> [WORK ORDER]: Every line of the listing that holds the word "finish" should be returned.

> [SUPPLIED MATERIAL]:
__________________________________________________
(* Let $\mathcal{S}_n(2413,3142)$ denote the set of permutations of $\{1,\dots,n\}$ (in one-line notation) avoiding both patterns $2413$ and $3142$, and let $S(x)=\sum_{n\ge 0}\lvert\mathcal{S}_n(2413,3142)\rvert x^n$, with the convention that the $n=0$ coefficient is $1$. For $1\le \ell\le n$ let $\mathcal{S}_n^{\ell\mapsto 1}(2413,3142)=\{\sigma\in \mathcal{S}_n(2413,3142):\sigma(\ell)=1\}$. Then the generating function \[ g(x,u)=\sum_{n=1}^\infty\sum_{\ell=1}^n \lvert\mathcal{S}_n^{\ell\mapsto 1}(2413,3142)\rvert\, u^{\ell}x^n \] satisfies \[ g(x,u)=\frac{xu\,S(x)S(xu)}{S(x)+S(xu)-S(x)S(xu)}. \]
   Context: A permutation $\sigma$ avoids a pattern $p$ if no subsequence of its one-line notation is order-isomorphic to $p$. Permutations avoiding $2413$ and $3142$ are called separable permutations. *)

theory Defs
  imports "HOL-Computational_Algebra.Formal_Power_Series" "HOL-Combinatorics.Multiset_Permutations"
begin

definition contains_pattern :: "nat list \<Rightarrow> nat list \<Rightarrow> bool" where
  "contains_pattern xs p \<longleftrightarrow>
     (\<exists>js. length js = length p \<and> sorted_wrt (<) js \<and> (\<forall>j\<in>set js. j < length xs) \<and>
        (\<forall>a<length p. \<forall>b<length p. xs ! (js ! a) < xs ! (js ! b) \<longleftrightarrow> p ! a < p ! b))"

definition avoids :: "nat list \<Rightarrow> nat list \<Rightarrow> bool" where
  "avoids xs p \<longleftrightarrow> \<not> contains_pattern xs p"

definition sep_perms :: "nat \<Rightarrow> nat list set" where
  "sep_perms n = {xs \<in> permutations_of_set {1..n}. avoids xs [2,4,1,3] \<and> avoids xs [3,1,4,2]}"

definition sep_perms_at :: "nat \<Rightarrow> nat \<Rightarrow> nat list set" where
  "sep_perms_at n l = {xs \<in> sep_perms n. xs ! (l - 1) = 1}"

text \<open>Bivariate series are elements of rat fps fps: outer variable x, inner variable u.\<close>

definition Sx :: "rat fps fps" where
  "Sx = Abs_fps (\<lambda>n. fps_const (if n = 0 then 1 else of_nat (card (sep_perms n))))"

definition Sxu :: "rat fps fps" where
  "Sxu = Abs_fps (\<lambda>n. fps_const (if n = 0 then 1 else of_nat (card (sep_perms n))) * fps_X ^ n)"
__________________________________________________
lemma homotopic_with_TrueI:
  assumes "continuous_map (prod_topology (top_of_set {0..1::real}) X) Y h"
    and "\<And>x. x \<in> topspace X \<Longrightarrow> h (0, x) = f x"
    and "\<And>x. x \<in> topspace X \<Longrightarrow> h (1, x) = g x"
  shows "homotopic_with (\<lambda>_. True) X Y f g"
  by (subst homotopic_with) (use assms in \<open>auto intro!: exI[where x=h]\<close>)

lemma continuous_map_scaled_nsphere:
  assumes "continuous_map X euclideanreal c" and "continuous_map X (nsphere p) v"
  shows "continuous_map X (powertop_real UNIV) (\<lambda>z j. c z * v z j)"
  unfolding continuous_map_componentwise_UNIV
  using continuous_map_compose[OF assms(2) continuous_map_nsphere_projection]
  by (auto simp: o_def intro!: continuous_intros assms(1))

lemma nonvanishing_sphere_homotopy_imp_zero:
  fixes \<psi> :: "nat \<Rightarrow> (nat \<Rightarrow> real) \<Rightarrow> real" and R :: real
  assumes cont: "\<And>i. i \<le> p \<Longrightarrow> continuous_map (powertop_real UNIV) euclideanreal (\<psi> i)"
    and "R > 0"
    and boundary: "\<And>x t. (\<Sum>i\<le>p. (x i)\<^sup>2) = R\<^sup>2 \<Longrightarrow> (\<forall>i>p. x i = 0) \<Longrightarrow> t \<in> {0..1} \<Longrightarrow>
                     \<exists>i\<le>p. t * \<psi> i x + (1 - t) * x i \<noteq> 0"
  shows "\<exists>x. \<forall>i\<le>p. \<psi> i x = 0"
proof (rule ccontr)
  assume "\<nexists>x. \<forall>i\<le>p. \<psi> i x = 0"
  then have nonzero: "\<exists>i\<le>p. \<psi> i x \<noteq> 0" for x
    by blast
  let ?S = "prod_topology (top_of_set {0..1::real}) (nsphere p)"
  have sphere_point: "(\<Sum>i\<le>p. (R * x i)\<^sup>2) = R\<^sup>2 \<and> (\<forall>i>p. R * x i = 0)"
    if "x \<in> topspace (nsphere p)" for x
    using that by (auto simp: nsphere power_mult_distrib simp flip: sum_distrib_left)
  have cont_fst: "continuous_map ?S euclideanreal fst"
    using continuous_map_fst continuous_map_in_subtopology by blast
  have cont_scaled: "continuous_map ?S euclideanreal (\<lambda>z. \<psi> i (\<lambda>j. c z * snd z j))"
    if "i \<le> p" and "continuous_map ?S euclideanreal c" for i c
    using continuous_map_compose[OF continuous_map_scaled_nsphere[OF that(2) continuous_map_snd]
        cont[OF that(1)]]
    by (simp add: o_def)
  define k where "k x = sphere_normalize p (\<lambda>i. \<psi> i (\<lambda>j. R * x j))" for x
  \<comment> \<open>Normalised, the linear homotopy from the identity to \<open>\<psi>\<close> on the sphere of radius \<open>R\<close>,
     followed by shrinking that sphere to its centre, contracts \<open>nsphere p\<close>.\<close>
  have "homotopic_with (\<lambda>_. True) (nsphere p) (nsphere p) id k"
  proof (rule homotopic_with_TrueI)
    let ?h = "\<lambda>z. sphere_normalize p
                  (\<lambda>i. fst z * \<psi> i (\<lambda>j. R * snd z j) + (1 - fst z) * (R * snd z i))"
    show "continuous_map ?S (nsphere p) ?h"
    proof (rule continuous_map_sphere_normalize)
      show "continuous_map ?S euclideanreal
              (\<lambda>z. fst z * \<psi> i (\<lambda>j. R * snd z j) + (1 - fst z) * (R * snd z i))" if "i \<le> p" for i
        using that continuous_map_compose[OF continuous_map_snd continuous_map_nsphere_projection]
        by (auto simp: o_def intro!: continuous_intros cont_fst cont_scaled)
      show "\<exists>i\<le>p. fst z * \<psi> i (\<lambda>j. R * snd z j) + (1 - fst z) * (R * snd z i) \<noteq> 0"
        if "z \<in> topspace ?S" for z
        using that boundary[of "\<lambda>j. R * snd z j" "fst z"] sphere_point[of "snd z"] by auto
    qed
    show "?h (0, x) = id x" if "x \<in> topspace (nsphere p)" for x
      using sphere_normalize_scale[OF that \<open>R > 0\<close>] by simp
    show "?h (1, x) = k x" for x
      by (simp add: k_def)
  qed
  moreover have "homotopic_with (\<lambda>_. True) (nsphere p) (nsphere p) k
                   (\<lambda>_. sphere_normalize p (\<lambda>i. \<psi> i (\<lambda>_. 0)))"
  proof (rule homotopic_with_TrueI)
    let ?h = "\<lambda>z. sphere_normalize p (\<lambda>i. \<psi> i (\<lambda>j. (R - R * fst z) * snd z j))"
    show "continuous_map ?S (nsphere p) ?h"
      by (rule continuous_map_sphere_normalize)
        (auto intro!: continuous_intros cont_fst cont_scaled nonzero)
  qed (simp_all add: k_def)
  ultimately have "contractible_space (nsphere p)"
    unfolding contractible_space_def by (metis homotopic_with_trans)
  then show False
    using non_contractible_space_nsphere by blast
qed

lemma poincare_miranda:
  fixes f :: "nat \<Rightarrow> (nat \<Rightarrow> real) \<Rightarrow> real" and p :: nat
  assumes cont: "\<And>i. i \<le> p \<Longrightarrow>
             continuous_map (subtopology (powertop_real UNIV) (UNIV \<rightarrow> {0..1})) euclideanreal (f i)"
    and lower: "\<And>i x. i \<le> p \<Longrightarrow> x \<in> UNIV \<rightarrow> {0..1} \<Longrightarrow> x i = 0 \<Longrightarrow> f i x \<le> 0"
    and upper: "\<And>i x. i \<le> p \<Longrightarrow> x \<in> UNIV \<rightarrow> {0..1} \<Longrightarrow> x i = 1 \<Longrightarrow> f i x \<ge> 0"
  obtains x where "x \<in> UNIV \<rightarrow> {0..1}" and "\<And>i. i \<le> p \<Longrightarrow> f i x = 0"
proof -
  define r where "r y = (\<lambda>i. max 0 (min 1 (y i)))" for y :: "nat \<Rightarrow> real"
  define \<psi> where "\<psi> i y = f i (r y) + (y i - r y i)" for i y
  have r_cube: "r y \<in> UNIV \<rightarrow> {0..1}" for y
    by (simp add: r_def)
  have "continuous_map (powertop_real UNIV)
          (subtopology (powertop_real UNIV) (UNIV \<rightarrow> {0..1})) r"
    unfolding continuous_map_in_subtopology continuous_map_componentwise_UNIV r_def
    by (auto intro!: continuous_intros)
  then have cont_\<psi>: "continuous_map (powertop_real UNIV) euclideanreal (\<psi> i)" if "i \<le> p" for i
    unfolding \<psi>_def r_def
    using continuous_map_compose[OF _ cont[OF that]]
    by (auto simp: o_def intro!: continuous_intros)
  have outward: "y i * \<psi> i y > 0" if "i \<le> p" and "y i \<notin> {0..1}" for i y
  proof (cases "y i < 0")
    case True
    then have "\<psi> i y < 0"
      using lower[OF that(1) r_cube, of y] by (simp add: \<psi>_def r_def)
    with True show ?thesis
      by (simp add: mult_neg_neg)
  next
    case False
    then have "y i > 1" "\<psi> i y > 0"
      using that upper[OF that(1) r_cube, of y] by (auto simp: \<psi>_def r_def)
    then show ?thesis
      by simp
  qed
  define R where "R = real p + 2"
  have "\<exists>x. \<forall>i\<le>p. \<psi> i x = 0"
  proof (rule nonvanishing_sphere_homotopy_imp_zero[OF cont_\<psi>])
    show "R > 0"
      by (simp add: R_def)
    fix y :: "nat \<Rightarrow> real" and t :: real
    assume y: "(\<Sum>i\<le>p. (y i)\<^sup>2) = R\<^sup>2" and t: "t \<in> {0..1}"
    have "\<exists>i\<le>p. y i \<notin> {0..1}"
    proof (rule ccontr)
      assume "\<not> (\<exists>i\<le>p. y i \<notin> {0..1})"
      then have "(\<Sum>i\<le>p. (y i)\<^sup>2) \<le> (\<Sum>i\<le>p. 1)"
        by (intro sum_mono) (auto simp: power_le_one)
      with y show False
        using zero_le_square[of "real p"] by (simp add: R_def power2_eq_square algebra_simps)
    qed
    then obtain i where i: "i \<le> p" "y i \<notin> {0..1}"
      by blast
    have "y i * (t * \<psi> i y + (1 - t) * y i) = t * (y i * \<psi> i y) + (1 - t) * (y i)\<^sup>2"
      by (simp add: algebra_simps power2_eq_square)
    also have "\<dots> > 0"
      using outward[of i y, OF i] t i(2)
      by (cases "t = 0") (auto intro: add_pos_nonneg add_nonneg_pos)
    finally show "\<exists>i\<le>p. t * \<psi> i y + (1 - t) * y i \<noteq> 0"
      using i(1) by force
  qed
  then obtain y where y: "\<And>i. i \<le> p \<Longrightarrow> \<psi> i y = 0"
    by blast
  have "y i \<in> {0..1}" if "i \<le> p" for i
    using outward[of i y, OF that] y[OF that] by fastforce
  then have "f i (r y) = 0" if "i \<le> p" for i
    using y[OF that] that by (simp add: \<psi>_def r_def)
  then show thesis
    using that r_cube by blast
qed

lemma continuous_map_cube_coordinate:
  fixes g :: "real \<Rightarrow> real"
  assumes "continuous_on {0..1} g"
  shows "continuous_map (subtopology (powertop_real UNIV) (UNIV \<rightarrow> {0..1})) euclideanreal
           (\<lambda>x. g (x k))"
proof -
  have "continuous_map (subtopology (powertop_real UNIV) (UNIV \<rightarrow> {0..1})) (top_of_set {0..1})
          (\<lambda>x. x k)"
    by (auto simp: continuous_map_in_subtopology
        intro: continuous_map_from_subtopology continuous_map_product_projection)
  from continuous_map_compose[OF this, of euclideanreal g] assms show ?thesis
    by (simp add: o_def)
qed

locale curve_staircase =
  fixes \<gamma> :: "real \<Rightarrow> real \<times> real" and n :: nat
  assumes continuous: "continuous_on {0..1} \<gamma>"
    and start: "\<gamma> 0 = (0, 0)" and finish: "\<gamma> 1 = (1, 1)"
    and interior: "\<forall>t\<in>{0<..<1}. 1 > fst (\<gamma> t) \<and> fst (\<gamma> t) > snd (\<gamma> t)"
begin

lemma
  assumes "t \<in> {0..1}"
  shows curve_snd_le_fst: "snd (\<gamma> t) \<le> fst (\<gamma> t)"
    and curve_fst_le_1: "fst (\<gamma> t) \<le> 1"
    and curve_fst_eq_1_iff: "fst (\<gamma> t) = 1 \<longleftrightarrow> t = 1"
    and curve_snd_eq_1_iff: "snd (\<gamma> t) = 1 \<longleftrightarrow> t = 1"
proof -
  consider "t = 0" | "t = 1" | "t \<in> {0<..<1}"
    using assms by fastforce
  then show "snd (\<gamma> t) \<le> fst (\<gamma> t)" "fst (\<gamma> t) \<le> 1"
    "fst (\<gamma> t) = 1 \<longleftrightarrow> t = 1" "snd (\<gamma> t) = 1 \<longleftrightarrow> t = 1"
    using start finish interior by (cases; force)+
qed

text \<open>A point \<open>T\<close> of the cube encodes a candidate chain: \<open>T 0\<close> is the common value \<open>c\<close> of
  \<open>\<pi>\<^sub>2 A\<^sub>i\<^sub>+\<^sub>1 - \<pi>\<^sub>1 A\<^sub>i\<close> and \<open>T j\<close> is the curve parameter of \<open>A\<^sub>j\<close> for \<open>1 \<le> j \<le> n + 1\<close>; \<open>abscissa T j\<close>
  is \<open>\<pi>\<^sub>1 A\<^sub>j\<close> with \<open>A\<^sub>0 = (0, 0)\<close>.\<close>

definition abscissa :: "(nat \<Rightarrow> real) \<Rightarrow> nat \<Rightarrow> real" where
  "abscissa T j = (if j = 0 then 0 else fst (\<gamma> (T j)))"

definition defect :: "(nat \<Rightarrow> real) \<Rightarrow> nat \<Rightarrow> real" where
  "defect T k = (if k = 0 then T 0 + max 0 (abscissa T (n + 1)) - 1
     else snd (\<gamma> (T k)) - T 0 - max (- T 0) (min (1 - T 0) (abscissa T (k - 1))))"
__________________________________________________
> [EXPECTED ANSWER]:
    and start: "\<gamma> 0 = (0, 0)" and finish: "\<gamma> 1 = (1, 1)"
    using start finish interior by (cases; force)+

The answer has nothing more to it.